Pie chart shows that most CMMI evaluation reports find non-parallel trends, but few made methodology adjustments.

Figure 2: Most CMMI Evaluation Reports Find Non-Parallel Trends, But Few Made Methodology Adjustments

Discussion of Results

The evaluations that modified the regression specification all included a differential linear trend for at least some outcomes. None of these evaluations justified why this approach was better than other methodology adjustments.

The MA VBID evaluation updated their comparison group for each affected outcome to force parallel pre-intervention trends. They used propensity score matching and, when necessary, entropy balancing. It is not unusual to use matching or weighting for the comparison group. But this was the only evaluation to include pre-intervention trends on an outcome-by-outcome basis. Some justification for the approach was provided in an earlier report, but there was no discussion of why it was preferred to a differential linear trend adjustment.

The MA VBID evaluation was the only one to include outcome trends in the comparison group methodology after testing for parallel trends. Other evaluation reports included pre-intervention trends for certain outcomes before testing for parallel trends. Two examples were the Comprehensive Primary Care Plus and Maryland All-Payer Model evaluations.

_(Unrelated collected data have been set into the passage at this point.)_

(* Let $\alpha>-1$ and let $\Phi:[0,\tfrac14]\to\mathbb{R}$ be a bounded measurable function, continuous at $\tfrac14$, with $\Phi(\tfrac14)\neq 0$. For $\sigma_\varepsilon^2>0$ define on $[-\pi,\pi]^2$ $$f(\lambda_1,\lambda_2)=\frac{\sigma_\varepsilon^2}{4\pi^2}\int_0^{1/4}\frac{\Phi(x)\,(\tfrac14-x)^{\alpha}}{\bigl(1-2x(\cos\lambda_1+\cos\lambda_2)\bigr)^2}\,dx .$$ Then: (i) if $\alpha>1$, $f$ is finite and continuous at every point of $[-\pi,\pi]^2$; (ii) if $-1<\alpha\le 1$, $f$ is continuous at every $(\lambda_1,\lambda_2)\neq(0,0)$ in $[-\pi,\pi]^2$ and $f(\lambda_1,\lambda_2)\to+\infty$ as $(\lambda_1,\lambda_2)\to(0,0)$. Moreover, as $(\lambda_1,\lambda_2)\to(0,0)$: - if $-1<\alpha<1$, $f(\lambda_1,\lambda_2)\sim c_\alpha(\lambda_1^2+\lambda_2^2)^{\alpha-1}$ with $c_\alpha=\frac{\sigma_\varepsilon^2}{4\pi^2}16^{-\alpha}\Phi(\tfrac14)\int_0^{\infty}\frac{u^\alpha}{(1+u)^2}\,du$; - if $\alpha=1$ and in addition $\Phi$ is $\beta$-Hölder on $[0,\tfrac14]$ for some $\beta>0$ (i.e. $|\Phi(x)-\Phi(y)|\le C|x-y|^\beta$ for some $C>0$ and all $x,y\in[0,\tfrac14]$), then $f(\lambda_1,\lambda_2)\sim c_1\,\bigl|\ln(\lambda_1^2+\lambda_2^2)\bigr|$ with $c_1=\frac{\sigma_\varepsilon^2}{4\pi^2}16^{-1}\Phi(\tfrac14)$.
   Context: Here $g\sim h$ as $(\lambda_1,\lambda_2)\to(0,0)$ means $g/h\to1$. *)

theory Defs
  imports "HOL-Analysis.Analysis" "HOL-Library.Landau_Symbols"
begin

definition spec_integrand :: "real \<Rightarrow> (real \<Rightarrow> real) \<Rightarrow> real \<times> real \<Rightarrow> real \<Rightarrow> real" where
  "spec_integrand \<alpha> \<Phi> l x =
     \<Phi> x * (1/4 - x) powr \<alpha> / (1 - 2 * x * (cos (fst l) + cos (snd l)))\<^sup>2"

definition spec_dens :: "real \<Rightarrow> real \<Rightarrow> (real \<Rightarrow> real) \<Rightarrow> real \<times> real \<Rightarrow> real" where
  "spec_dens \<sigma>2 \<alpha> \<Phi> l =
     \<sigma>2 / (4 * pi\<^sup>2) * (LINT x:{0..1/4}|lborel. spec_integrand \<alpha> \<Phi> l x)"

definition sq_box :: "(real \<times> real) set" where
  "sq_box = {-pi..pi} \<times> {-pi..pi}"

end

theory Submission
  imports Defs "HOL-Real_Asymp.Real_Asymp"
begin
lemma bern_cyclic_integral_eq_0:
  assumes "n > 0" and rst: "r + s + t = of_nat n"
  shows "r * ((-1) ^ n * (s gchoose n) * bern n) + s * ((r gchoose n) * bern n)
    + t * (\<Sum>k\<le>n. (-1) ^ k * (r gchoose k) * (s gchoose (n - k)) * bern_product_integral (n - k) k) = 0"
proof -
  define W where "W = (\<Sum>k\<le>n. (-1) ^ k * ffact r k * ffact s (n - k))"
  define \<sigma> where "\<sigma> = ((-1) ^ n :: complex)"
  have binomials: "s gchoose n = ffact s n / fact n" "r gchoose n = ffact r n / fact n"
    using gbinomial_mult_fact_eq_ffact [of s n] gbinomial_mult_fact_eq_ffact [of r n]
    by (simp_all add: field_simps)
  have t: "t = of_nat n - r - s"
    using rst by (simp add: algebra_simps)
  have tW: "t * W = (r + t) * ffact s n + \<sigma> * (s + t) * ffact r n"
    using ffact_alternating_convolution [of r s n] unfolding t
    by (simp add: W_def \<sigma>_def ffact_Suc algebra_simps)
  have "r * ((-1) ^ n * (s gchoose n) * bern n) + s * ((r gchoose n) * bern n)
      + t * (\<Sum>k\<le>n. (-1) ^ k * (r gchoose k) * (s gchoose (n - k)) * bern_product_integral (n - k) k)
      = bern n / fact n
        * (\<sigma> * r * ffact s n + s * ffact r n - (t * W - t * ffact s n - t * \<sigma> * ffact r n))"
    unfolding bern_product_integral_sum [OF \<open>n > 0\<close>] binomials W_def [symmetric] \<sigma>_def [symmetric]
    by (simp add: algebra_simps)
  also have "\<dots> = bern n / fact n * (\<sigma> - 1) * (r * ffact s n - s * ffact r n)"
    unfolding tW by (simp add: field_simps)
  also have "\<dots> = 0"
  proof (cases "even n")
    case False
    then have "n = 1 \<or> bern n = 0" by (auto intro: bern_odd)
    then show ?thesis by (auto simp: ffact_def)
  qed (simp add: \<sigma>_def)
  finally show ?thesis .
qed
lemma degree_msg_poly_le: "degree (msg_poly r t g a) \<le> (t - 1) * degree g + (r - 1)"
  unfolding msg_poly_def
proof (rule degree_sum_le)
  fix j assume "j \<in> {..<t}"
  then have "j \<le> t - 1" by simp
  then have "degree g * j \<le> (t - 1) * degree g" by (simp add: mult.commute)
  moreover have "degree (g ^ j * low_poly r (\<lambda>i. a i j)) \<le> degree g * j + (r - 1)"
    using degree_mult_le[of "g ^ j"] degree_power_le[of g j] degree_low_poly_le[of r]
    by (meson add_le_mono order_trans)
  ultimately show "degree (g ^ j * low_poly r (\<lambda>i. a i j)) \<le> (t - 1) * degree g + (r - 1)"
    by linarith
qed simp

lemma msg_poly_eq_0_imp:
  fixes g :: "'a::comm_ring_1 poly"
  assumes lead: "lead_coeff g \<in> units" and r: "r \<le> degree g" and "msg_poly r t g a = 0"
  shows "\<forall>i<r. \<forall>j<t. a i j = 0"
proof (cases "r = 0")
  case False
  then have low_deg: "degree (low_poly r b) < degree g" for b
    using degree_low_poly_le[of r b] r by linarith
  show ?thesis
    using assms(3)
  proof (induction t arbitrary: a)
    case (Suc t)
    define tail where "tail = msg_poly r t g (\<lambda>i j. a i (Suc j))"
    have sum_0: "low_poly r (\<lambda>i. a i 0) + g * tail = 0"
      using Suc.prems by (simp add: msg_poly_Suc tail_def)
    have "tail = 0"
    proof (rule ccontr)
      assume "tail \<noteq> 0"
      then have deg_g: "degree g \<le> degree (g * tail)"
        using degree_mult_unit_lead_coeff[OF lead] by simp
      have "degree (low_poly r (\<lambda>i. a i 0) + g * tail) = degree (g * tail)"
        using low_deg[of "\<lambda>i. a i 0"] deg_g by (intro degree_add_eq_right) simp
      then show False using sum_0 deg_g low_deg[of "\<lambda>i. a i 0"] by simp
    qed
    then have "low_poly r (\<lambda>i. a i 0) = 0" using sum_0 by simp
    then have "a i 0 = 0" if "i < r" for i using coeff_low_poly[OF that, of "\<lambda>i. a i 0"] by simp
    moreover have "\<forall>i<r. \<forall>j<t. a i (Suc j) = 0" using Suc.IH \<open>tail = 0\<close> unfolding tail_def by blast
    ultimately show ?case by (metis less_Suc_eq_0_disj)
  qed simp
qed simp

lemma f_msg_cong:
  "\<forall>i<r. \<forall>j<t. a i j = b i j \<Longrightarrow> f_msg r t g a = f_msg r t g b"
  unfolding f_msg_def by (intro ext sum.cong) auto

lemma f_msg_eq_poly_low_poly:
  assumes "poly g x = c"
  shows "f_msg r t g a x = poly (low_poly r (\<lambda>i. \<Sum>j<t. a i j * c ^ j)) x"
  unfolding poly_low_poly f_msg_def using assms
  by (simp add: sum_distrib_right sum_distrib_left mult_ac)

definition codeword :: "'a set \<Rightarrow> nat \<Rightarrow> nat \<Rightarrow> 'a::comm_ring_1 poly \<Rightarrow> (nat \<Rightarrow> nat \<Rightarrow> 'a) \<Rightarrow> 'a \<Rightarrow> 'a" where
  "codeword A r t g a = (\<lambda>x. if x \<in> A then f_msg r t g a x else 0)"

lemma code_eq_range: "code A r t g = range (codeword A r t g)"
  by (auto simp: code_def codeword_def)

lemma linear_code_code: "linear_code A (code A r t g)"
  unfolding linear_code_def code_eq_range
proof (intro conjI ballI allI impI)
  show "(\<lambda>_. 0) \<in> range (codeword A r t g)"
    by (rule range_eqI[of _ _ "\<lambda>i j. 0"]) (simp add: codeword_def f_msg_def fun_eq_iff)
next
  fix c x assume "c \<in> range (codeword A r t g)" "x \<notin> A"
  then show "c x = 0" by (auto simp: codeword_def)
next
  fix c c' assume "c \<in> range (codeword A r t g)" "c' \<in> range (codeword A r t g)"
  then obtain a a' where "c = codeword A r t g a" "c' = codeword A r t g a'" by auto
  then show "(\<lambda>x. c x + c' x) \<in> range (codeword A r t g)"
    by (intro range_eqI[of _ _ "\<lambda>i j. a i j + a' i j"])
       (simp add: codeword_def f_msg_def sum.distrib distrib_right fun_eq_iff)
next
  fix k c assume "c \<in> range (codeword A r t g)"
  then obtain a where "c = codeword A r t g a" by auto
  then show "(\<lambda>x. k * c x) \<in> range (codeword A r t g)"
    by (intro range_eqI[of _ _ "\<lambda>i j. k * a i j"])
       (simp add: codeword_def f_msg_def sum_distrib_left mult_ac fun_eq_iff)
qed
(* For every integer $a \ge 3$, every $b \in \mathbb{N}$ and every cycle graph $C_a$ of order $a$, $R_\mathrm{ord}(C_a, P_b^\mathrm{mon}) = 1 + (a-1)(b-1)$.
   Context: All graphs are finite, simple and undirected, and a graph of order $n$ has vertex set $\{0,1,\ldots,n-1\}$; $K_n$ is the complete graph on $\{0,\ldots,n-1\}$. A cycle graph of order $a$ is any graph on $\{0,\ldots,a-1\}$ whose edges form a single Hamiltonian cycle (in any vertex order). A $2$-edge-coloring of $K_n$ assigns each edge a color in $\{1,2\}$. An increasing embedding of $H$ in color $j$ is an injective map $\varphi\colon V(H)\to V(K_n)$ with $\varphi(0)<\cdots<\varphi(|H|-1)$ such that every edge $uv$ of $H$ goes to an edge $\{\varphi(u),\varphi(v)\}$ of color $j$. $R_\mathrm{ord}(H_1,H_2)$ is the smallest $n$ such that every $2$-edge-coloring of $K_n$ admits an increasing embedding of $H_1$ in color $1$ or of $H_2$ in color $2$. The monotone path $P_n^\mathrm{mon}$ has edges $\{i,i+1\}$, $0\le i\le n-2$. *)

theory Defs
  imports Main
begin

text \<open>A graph of order m is represented by its order m (vertex set {0..<m}) together with
  its edge set, a set of 2-element subsets of {0..<m}.\<close>

definition cycle_graph :: "nat \<Rightarrow> nat set set \<Rightarrow> bool" where
  "cycle_graph a E \<longleftrightarrow>
     (\<exists>\<sigma>. bij_betw \<sigma> {..<a} {..<a} \<and> E = {{\<sigma> i, \<sigma> (Suc i mod a)} | i. i < a})"

definition mon_path_edges :: "nat \<Rightarrow> nat set set" where
  "mon_path_edges n = {{i, Suc i} | i. Suc i < n}"

definition two_coloring :: "nat \<Rightarrow> (nat set \<Rightarrow> nat) \<Rightarrow> bool" where
  "two_coloring n c \<longleftrightarrow> (\<forall>x y. x < n \<longrightarrow> y < n \<longrightarrow> x \<noteq> y \<longrightarrow> c {x, y} \<in> {1, 2})"

definition incr_embedding ::
    "nat \<Rightarrow> (nat set \<Rightarrow> nat) \<Rightarrow> nat \<Rightarrow> nat \<Rightarrow> nat set set \<Rightarrow> bool" where
  "incr_embedding n c j m E \<longleftrightarrow>
     (\<exists>\<phi>. strict_mono_on {..<m} \<phi> \<and> (\<forall>i<m. \<phi> i < n) \<and>
          (\<forall>u v. {u, v} \<in> E \<longrightarrow> c {\<phi> u, \<phi> v} = j))"

definition ord_arrows :: "nat \<Rightarrow> nat \<Rightarrow> nat set set \<Rightarrow> nat \<Rightarrow> nat set set \<Rightarrow> bool" where
  "ord_arrows n m1 E1 m2 E2 \<longleftrightarrow>
     (\<forall>c. two_coloring n c \<longrightarrow> incr_embedding n c 1 m1 E1 \<or> incr_embedding n c 2 m2 E2)"

definition R_ord :: "nat \<Rightarrow> nat set set \<Rightarrow> nat \<Rightarrow> nat set set \<Rightarrow> nat" where
  "R_ord m1 E1 m2 E2 = (LEAST n. ord_arrows n m1 E1 m2 E2)"

end

theory Submission
  imports Defs
begin

(* Lower bound: cut {0..<(a-1)(b-1)} into b-1 consecutive blocks of a-1 vertices and colour an
   edge 1 iff it lies inside a block. A colour-1 copy of the connected graph C_a would have to lie
   in a single block, and a colour-2 monotone path meets each block at most once.
   Upper bound: label each vertex v by the number of vertices of the longest colour-2 monotone
   path ending at v. Without a colour-2 P_b these labels lie in {1..<b}, and a colour-2 edge u < v
   strictly increases the label, so by pigeonhole some label class has a vertices, all joined in
   colour 1; any graph of order a embeds increasingly into such a clique. *)

lemma cycle_graph_hamiltonian_path:
  assumes "cycle_graph a E"
  obtains \<sigma> where "bij_betw \<sigma> {..<a} {..<a}"
    and "\<And>i. Suc i < a \<Longrightarrow> {\<sigma> i, \<sigma> (Suc i)} \<in> E"
proof -
  obtain \<sigma> where "bij_betw \<sigma> {..<a} {..<a}"
    and E: "E = {{\<sigma> i, \<sigma> (Suc i mod a)} | i. i < a}"
    using assms by (auto simp: cycle_graph_def)
  moreover have "{\<sigma> i, \<sigma> (Suc i)} \<in> E" if "Suc i < a" for i
    unfolding E using that by (intro CollectI exI[of _ i]) simp
  ultimately show thesis
    using that by blast
qed

lemma cycle_graph_edgeD:
  assumes "cycle_graph a E" and "2 \<le> a" and "{u, v} \<in> E"
  shows "u < a \<and> v < a \<and> u \<noteq> v"
proof -
  obtain \<sigma> i where \<sigma>: "bij_betw \<sigma> {..<a} {..<a}" and i: "i < a"
    and uv: "{u, v} = {\<sigma> i, \<sigma> (Suc i mod a)}"
    using assms(1,3) by (auto simp: cycle_graph_def)
  have "Suc i mod a < a" and "i \<noteq> Suc i mod a"
    using i assms(2) by (auto simp: mod_Suc)
  then have "\<sigma> i \<noteq> \<sigma> (Suc i mod a)" and "\<sigma> i < a" and "\<sigma> (Suc i mod a) < a"
    using \<sigma> i by (auto simp: bij_betw_def inj_on_def)
  then show ?thesis
    using uv by (auto simp: doubleton_eq_iff)
qed

definition block_coloring :: "nat \<Rightarrow> nat set \<Rightarrow> nat" where
  "block_coloring d e = (if card ((\<lambda>x. x div d) ` e) = 1 then 1 else 2)"

lemma block_coloring_pair [simp]:
  "block_coloring d {x, y} = (if x div d = y div d then 1 else 2)"
  by (auto simp: block_coloring_def card_insert_if)

lemma two_coloring_block_coloring: "two_coloring n (block_coloring d)"
  by (simp add: two_coloring_def)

Testing For Parallel Trends Has Increasingly Become Standard Practice

There is less of a standard practice for what to do when there is evidence against parallel trends. This is usually the case for at least some outcomes (at least in CMMI evaluations). The most common response to non-parallel trends in CMMI evaluations is to not take any action. Most just omitted or flagged results for the affected outcomes.

Doing nothing may be the ideal approach in many circumstances. This includes, for example, when evidence against parallel trends occurs in secondary outcomes or is otherwise practically insignificant. In some cases, however, the evidence against parallel trends could compromise conclusions. There are different ways to adjust the evaluation methodology to address non-parallel trends. A clearer understanding and justification of which adjustments are appropriate in which context could improve policy evaluation.

The authors gratefully acknowledge Olga Khavjou, Rachel Kornbluh, Hannah Wright, Fang He, Marisa Morrison, Heather Beil, and Susan Haber for reviewing evaluation reports and providing helpful suggestions.